■ Try it
Whenever a line below includes the string "lemma", show it.

________

lemma card_incident_edges_neighbours:
  assumes "S \<subseteq> A"
  shows "card (incident_edges E ends (neighbours E ends S)) = 3 * card (neighbours E ends S)"
proof -
  interpret swap: cubic_bipartite V E ends B A by (rule swap_cubic)
  show ?thesis using assms neighbours_subset by (intro swap.card_incident_edges_A) simp
qed

lemma card_le_card_neighbours:
  assumes "S \<subseteq> A"
  shows "card S \<le> card (neighbours E ends S)"
proof -
  have "card (incident_edges E ends S) \<le> card (incident_edges E ends (neighbours E ends S))"
    using incident_edges_subset_neighbours[OF assms] finite_E
    by (intro card_mono) (auto simp: incident_edges_def)
  then show ?thesis using assms card_incident_edges_A card_incident_edges_neighbours by simp
qed

lemma degree_split:
  assumes "x \<in> A" "B = {y, y'}" "y \<noteq> y'"
  shows "card {e\<in>E. ends e = {x, y}} + card {e\<in>E. ends e = {x, y'}} = 3"
proof -
  have "e \<in> E \<Longrightarrow> x \<in> ends e \<Longrightarrow> ends e = {x, y} \<or> ends e = {x, y'}" for e
    using assms(1,2) disjoint by (elim edge_ends) auto
  then have "{e\<in>E. x \<in> ends e} = {e\<in>E. ends e = {x, y}} \<union> {e\<in>E. ends e = {x, y'}}" by auto
  moreover have "{e\<in>E. ends e = {x, y}} \<inter> {e\<in>E. ends e = {x, y'}} = {}"
    using assms(3) by (auto simp: doubleton_eq_iff)
  ultimately show ?thesis
    using degree[of x] assms(1) V_eq finite_E by (simp add: card_Un_disjoint)
qed

lemma lambda_matchable_if_card_A_eq_1:
  assumes "card A = 1" "a \<in> A" "b \<in> B"
  shows "lambda_matchable V E ends a b"
proof -
  have "A = {a}" "B = {b}" using assms card_A_eq_card_B by (metis card_1_singletonE singletonD)+
  then have "V = {a, b}" using V_eq by auto
  then have "ab_matching V E ends a b E" using degree by (auto simp: ab_matching_def sdeg_def)
  then show ?thesis by (auto simp: lambda_matchable_def)
qed

lemma mg_iso_Theta_if_card_A_eq_1:
  assumes "card A = 1"
  shows "mg_iso V E ends Theta_V Theta_E Theta_ends"
proof -
  obtain a b where ab: "A = {a}" "B = {b}"
    using assms card_A_eq_card_B by (metis card_1_singletonE)
  then have "a \<noteq> b" "V = {a, b}" using disjoint V_eq by auto
  have ends_ab: "ends e = {a, b}" if "e \<in> E" for e
    using that ab by (auto elim: edge_ends)
  then have E_eq: "{e\<in>E. a \<in> ends e} = E" by auto
  define f where "f v = (if v = a then 0 else 1::nat)" for v
  have image: "f ` ends e = {0, 1}" if "e \<in> E" for e
    using ends_ab[OF that] \<open>a \<noteq> b\<close> by (auto simp: f_def)
  then have fibre: "{e\<in>E. f ` ends e = {0, 1}} = E" by (intro equalityI subsetI) simp_all
  show ?thesis
  proof (rule mg_isoI[where K = "{{0, 1}}"])
    show "bij_betw f V Theta_V"
      using \<open>a \<noteq> b\<close> \<open>V = {a, b}\<close> by (auto simp: bij_betw_def inj_on_def Theta_V_def f_def)
    show "\<forall>e\<in>E. f ` ends e \<in> {{0, 1}}" using image by simp
    have "card E = 3" using E_eq degree[of a] \<open>V = {a, b}\<close> by simp
    moreover have "{e'\<in>Theta_E. Theta_ends e' = {0, 1}} = Theta_E" by (simp add: Theta_ends_def)
    moreover have "card Theta_E = 3" by (simp add: Theta_E_def)
    ultimately show "\<forall>k\<in>{{0, 1}}. card {e\<in>E. f ` ends e = k} = card {e'\<in>Theta_E. Theta_ends e' = k}"
      using fibre by simp
  qed (simp_all add: finite_E Theta_E_def Theta_ends_def)
qed

end

section \<open>Cubic braces\<close>

locale cubic_brace = cubic_bipartite +
  assumes connected: "connected_mg V E ends"
    and no_nontrivial_tight_cut: "\<not> (\<exists>X. tight_cut V E ends X \<and> nontrivial_shore V X)"
begin

lemma swap_brace: "cubic_brace V E ends B A"
  using swap_cubic connected no_nontrivial_tight_cut by (simp add: cubic_brace_def cubic_brace_axioms_def)

text \<open>If |N(S)| \<le> |S|, edge counting shows that every edge at N(S) ends in S, so S \<union> N(S)
  is closed under adjacency.\<close>
lemma eq_A_if_card_neighbours_le:
  assumes S: "S \<subseteq> A" "S \<noteq> {}" and le: "card (neighbours E ends S) \<le> card S"
  shows "S = A"
proof -
  let ?N = "neighbours E ends S"
  have sub: "incident_edges E ends S \<subseteq> incident_edges E ends ?N"
    using S(1) by (rule incident_edges_subset_neighbours) simp
  moreover have "finite (incident_edges E ends ?N)" using finite_E by (simp add: incident_edges_def)
  moreover have "card (incident_edges E ends ?N) \<le> card (incident_edges E ends S)"
    using le S(1) card_incident_edges_A card_incident_edges_neighbours by simp
  ultimately have same: "incident_edges E ends S = incident_edges E ends ?N" by (metis card_seteq)
  have "v \<in> S \<union> ?N" if "e \<in> E" "ends e = {u, v}" "u \<in> S \<union> ?N" for e u v
  proof -
    obtain x y where xy: "x \<in> A" "y \<in> B" "ends e = {x, y}" using \<open>e \<in> E\<close> by (rule edge_ends)
    have "x \<in> S"
    proof (cases "u \<in> S")
      case False
      then have "u \<in> ?N" using that(3) by blast
      then have "e \<in> incident_edges E ends S" using same that(1,2) by (auto simp: incident_edges_def)
      then show ?thesis using xy S(1) disjoint by (auto simp: incident_edges_def)
    qed (use that(2) xy S(1) neighbours_subset[OF S(1)] disjoint in auto)
    then have "y \<in> ?N" using \<open>e \<in> E\<close> xy(3) by (auto simp: neighbours_def)
    then show ?thesis using \<open>x \<in> S\<close> that(2) xy(3) by (auto simp: doubleton_eq_iff)
  qed
  moreover obtain s where "s \<in> S" using S(2) by blast
  ultimately have "V \<subseteq> S \<union> ?N" using connected S(1) V_eq
    by (intro connected_mg_closed_subset[of V E ends s]) auto
  then show ?thesis using S(1) V_eq neighbours_subset[OF S(1)] disjoint by auto
qed

lemma neighbours_surplus:
  assumes S: "S \<subseteq> A" "S \<noteq> {}" "card S + 2 \<le> card A"
  shows "card S + 2 \<le> card (neighbours E ends S)"
proof (rule ccontr)
  let ?N = "neighbours E ends S"
  assume "\<not> ?thesis"
  moreover have "card S \<le> card ?N" using S(1) by (rule card_le_card_neighbours)
  moreover have "\<not> card ?N \<le> card S"
  proof
    assume "card ?N \<le> card S"
    with S(1,2) have "S = A" by (rule eq_A_if_card_neighbours_le)
    then show False using S(3) by simp
  qed
  ultimately have card_N: "card ?N = card S + 1" by linarith
  have "finite S" using S(1) finite_A by (rule finite_subset)
  then have "card (S \<union> ?N) = card S + card ?N"
    using finite_neighbours S(1) neighbours_subset[OF S(1)] disjoint by (intro card_Un_disjoint) auto
  moreover have "card (V - (S \<union> ?N)) = card V - card (S \<union> ?N)"
    using finite_neighbours \<open>finite S\<close> S(1) neighbours_subset[OF S(1)] V_eq
    by (intro card_Diff_subset) auto
  moreover have "card S \<noteq> 0" using \<open>finite S\<close> S(2) by simp
  ultimately have "nontrivial_shore V (S \<union> ?N)"
    using card_N card_V card_A_eq_card_B S(3) by (simp add: nontrivial_shore_def)
  then show False using tight_cut_neighbourhood[OF S(1) card_N] no_nontrivial_tight_cut by blast
qed

lemma card_neighbours_singleton:
  assumes "3 \<le> card A" "a \<in> A"
  shows "card (neighbours E ends {a}) = 3"
proof -
  have "card (neighbours E ends {a}) \<le> card {e\<in>E. a \<in> ends e}"
    by (rule card_neighbours_singleton_le) (auto simp: neighbours_def)
  moreover have "card {e\<in>E. a \<in> ends e} = 3" using assms(2) V_eq degree by blast
  moreover have "card {a} + 2 \<le> card (neighbours E ends {a})" using assms by (intro neighbours_surplus) auto
  ultimately show ?thesis by simp
qed

lemma parallel_edges_eq:
  assumes "3 \<le> card A" "e \<in> E" "e' \<in> E" "ends e = ends e'"
  shows "e = e'"
proof (rule ccontr)
  assume "e \<noteq> e'"
  obtain x y where xy: "x \<in> A" "y \<in> B" "ends e = {x, y}" using assms(2) by (rule edge_ends)
  let ?F = "{d\<in>E. x \<in> ends d} - {e'}"
  have "\<exists>d\<in>?F. v \<in> ends d" if v: "v \<in> neighbours E ends {x}" for v
  proof -
    obtain d where d: "d \<in> E" "ends d = {x, v}" using v by (auto simp: neighbours_def)
    show ?thesis
    proof (cases "d = e'")
      case True
      then have "e \<in> ?F" "v \<in> ends e" using \<open>e \<noteq> e'\<close> assms(2,4) xy(3) d(2) by auto
      then show ?thesis by blast
    qed (use d in auto)
  qed
  then have le: "card (neighbours E ends {x}) \<le> card ?F" by (intro card_neighbours_singleton_le) auto
  have "card {d\<in>E. x \<in> ends d} = 3" using xy(1) V_eq degree by blast
  moreover have "e' \<in> {d\<in>E. x \<in> ends d}" using assms(3,4) xy(3) by auto
  ultimately have "card ?F = 2" by (simp add: card_Diff_singleton)
  with le show False using card_neighbours_singleton[OF assms(1) xy(1)] by simp
qed

lemma card_edges_joining:
  assumes "3 \<le> card A" "v \<in> neighbours E ends {u}"
  shows "card {e\<in>E. ends e = {u, v}} = 1"
proof -
  obtain e where "e \<in> E" "ends e = {u, v}" using assms(2) by (auto simp: neighbours_def)
  then have "{e\<in>E. ends e = {u, v}} = {e}" using parallel_edges_eq[OF assms(1)] by auto
  then show ?thesis by simp
qed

________

■ Result for this task
lemma card_incident_edges_neighbours:
lemma card_le_card_neighbours:
lemma degree_split:
lemma lambda_matchable_if_card_A_eq_1:
lemma mg_iso_Theta_if_card_A_eq_1:
lemma swap_brace: "cubic_brace V E ends B A"
lemma eq_A_if_card_neighbours_le:
lemma neighbours_surplus:
lemma card_neighbours_singleton:
lemma parallel_edges_eq:
lemma card_edges_joining:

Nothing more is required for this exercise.